Am I right in concluding that using an array of limited storage devices that require FAT32 is not a valid use case for git-annex?
Dumb devices that require FAT32, that need all present files to be unlocked in order to not choke on them (i.e. unlike with git-annex’ text-files-as-symlinks on crippled filesystems), that also therefore need missing files to be hidden, and that are storage space-constrained, I would say are extremely common. Yet, if I understood correctly, v7 repos are required for being able to hiding missing files, but at the same time, on v7 and FAT32 filesystems, files that are present take up double their file size.
Am I right, or I am missing a way to use those?
I would say that FAT32 devices are perfectly valid, but only if used as a directory special remote with chunking enabled. This way you can transfer files of any size (given there is enough space of course) and keep all previous versions. The downside is that you can't just plug the drive into random computer and read files, git-annex is required, also it is important to remember that special remotes do not store metadata about files so you need your regular repository synced to a computer where you want to read special remote.
Next option is to use direct mode, this way files will be readable on any computer even without git-annex, but file size will be limited to 4Gb and only latest version of your files will be available. Note that you still can drop files from direct mode repository and these files will be replaced with placeholders, so you are not forced to copy big files to a repository with limited file size.
Actually it is possible (and I think it is a valid use case) to use both "directory special remote" and "direct mode repository" on the same drive.
If I was forced to use FAT32, I would use it this way: create directory special remote with chunking to store files, create bare repository just for metadata. This way the drive will store all versions of files, any size, even if other repositories disappear this will be a complete copy.
By device, I meant the computer-like device that needs to be able to read the files. Say, an MP3 player for example.
Well, that rules it out since, the device being dumb, it does need to be able to find the real files at their standard path and be able to read them as is.
Chunking is not a requirement, though, since the device's software, only supporting FAT32, would not support or expect files that cannot exist in FAT32.
Direct mode is deprecated.
Lack of support for "dumb FAT32" and "dumb NTFS" is indeed the reason why most of the people in my circle of acquaintances do not use git-annex.
V7 and import/export tree should solve most the problems related to the synchronization.

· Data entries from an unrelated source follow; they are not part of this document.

(*
  The quotient map C^d_Delta -> X_Delta is continuous, so it suffices to exhibit a compact
  subset K of C^d_Delta meeting every equivalence class.  For every set S of constraints
  cutting out a nonempty face of Delta, let P(S) be the closed polydisc piece
  {w. |w_j| <= 1 for all j, |w_j| = 1 for j not in S}; it is compact and contained in C^d_Delta,
  and K is the finite union of these pieces.  Every point z of C^d_Delta is A-equivalent to a
  point of K: with r_j = log|z_j| / (2 pi) and Z = {j. z_j = 0}, minimise the linear functional
  mu |-> - <mu, sum_j r_j X_j> over the face cut out by Z.  The Karush-Kuhn-Tucker conditions
  at a minimiser mu0 (proved below from the Farkas separation lemma) give multipliers s_j, with
  s_j >= 0 off Z and s_j = 0 off the constraints active at mu0, such that t = r + s lies in the
  kernel n of pi.  Then exp(i t) z has |coordinates| exp(-2 pi s_j), i.e. it lies in P(S) for
  S the active set of mu0.  Points of one A-orbit are related, hence have the same class.
*)

section \<open>Quotient topologies\<close>

lemma istopology_quot:
  "istopology (\<lambda>U. U \<subseteq> f ` topspace X \<and> openin X {x \<in> topspace X. f x \<in> U})"
  unfolding istopology_def
proof (rule conjI; intro allI impI)
  fix S T
  assume "S \<subseteq> f ` topspace X \<and> openin X {x \<in> topspace X. f x \<in> S}"
    and "T \<subseteq> f ` topspace X \<and> openin X {x \<in> topspace X. f x \<in> T}"
  moreover have "{x \<in> topspace X. f x \<in> S \<inter> T}
      = {x \<in> topspace X. f x \<in> S} \<inter> {x \<in> topspace X. f x \<in> T}"
    by blast
  ultimately show "S \<inter> T \<subseteq> f ` topspace X \<and> openin X {x \<in> topspace X. f x \<in> S \<inter> T}"
    by auto
next
  fix K
  assume "\<forall>U\<in>K. U \<subseteq> f ` topspace X \<and> openin X {x \<in> topspace X. f x \<in> U}"
  moreover have "{x \<in> topspace X. f x \<in> \<Union>K} = (\<Union>U\<in>K. {x \<in> topspace X. f x \<in> U})"
    by blast
  ultimately show "\<Union>K \<subseteq> f ` topspace X \<and> openin X {x \<in> topspace X. f x \<in> \<Union>K}"
    by auto
qed

lemma openin_quot_topology:
  "openin (quot_topology X f) U \<longleftrightarrow> U \<subseteq> f ` topspace X \<and> openin X {x \<in> topspace X. f x \<in> U}"
  unfolding quot_topology_def by (simp add: istopology_quot)

lemma topspace_quot_topology: "topspace (quot_topology X f) = f ` topspace X"
proof -
  have "{x \<in> topspace X. f x \<in> f ` topspace X} = topspace X"
    by blast
  then have "openin (quot_topology X f) (f ` topspace X)"
    unfolding openin_quot_topology by simp
  then show ?thesis
    using openin_subset openin_quot_topology[of X f "topspace (quot_topology X f)"] by blast
qed

lemma continuous_map_quot_topology: "continuous_map X (quot_topology X f) f"
  unfolding continuous_map_def topspace_quot_topology openin_quot_topology by auto

lemma compact_space_quot_topology:
  assumes "compactin X K" and "f ` K = f ` topspace X"
  shows "compact_space (quot_topology X f)"
  unfolding compact_space_def topspace_quot_topology
  using image_compactin[OF assms(1) continuous_map_quot_topology, of f] assms(2) by simp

One last issue remains, however: FAT/NTFS and POSIX have different sets of allowed characters in file names. To address this, git-annex should "smudge" file names when dealing with a FAT/NTFS remote. For example
Moby-Dick: or, The Whale.epub
should be exported asMoby-Dick_ or_ The Whale.epub
.I see no reason to add such filename munging to git-annex, controlling the names of files in the working tree is well out of its scope. It could be in scope for git, but more likely, if this is a problem for you, you need to set up your own policy for what filenames are allowed in your repository, and use existing facilities to enforce it (git hooks, etc).
lsblk -no uuid,mountpoint | egrep -qx '<uuid>\s+<mountpoint>'
to make sure git-annex only tries to touch the remote when it's mounted. I just rename any files in the repo that have invalid names.It's not a repo version, it's a kind of special remote that just accesses a tree of files on the device as if it were a git repo but without all the baggage.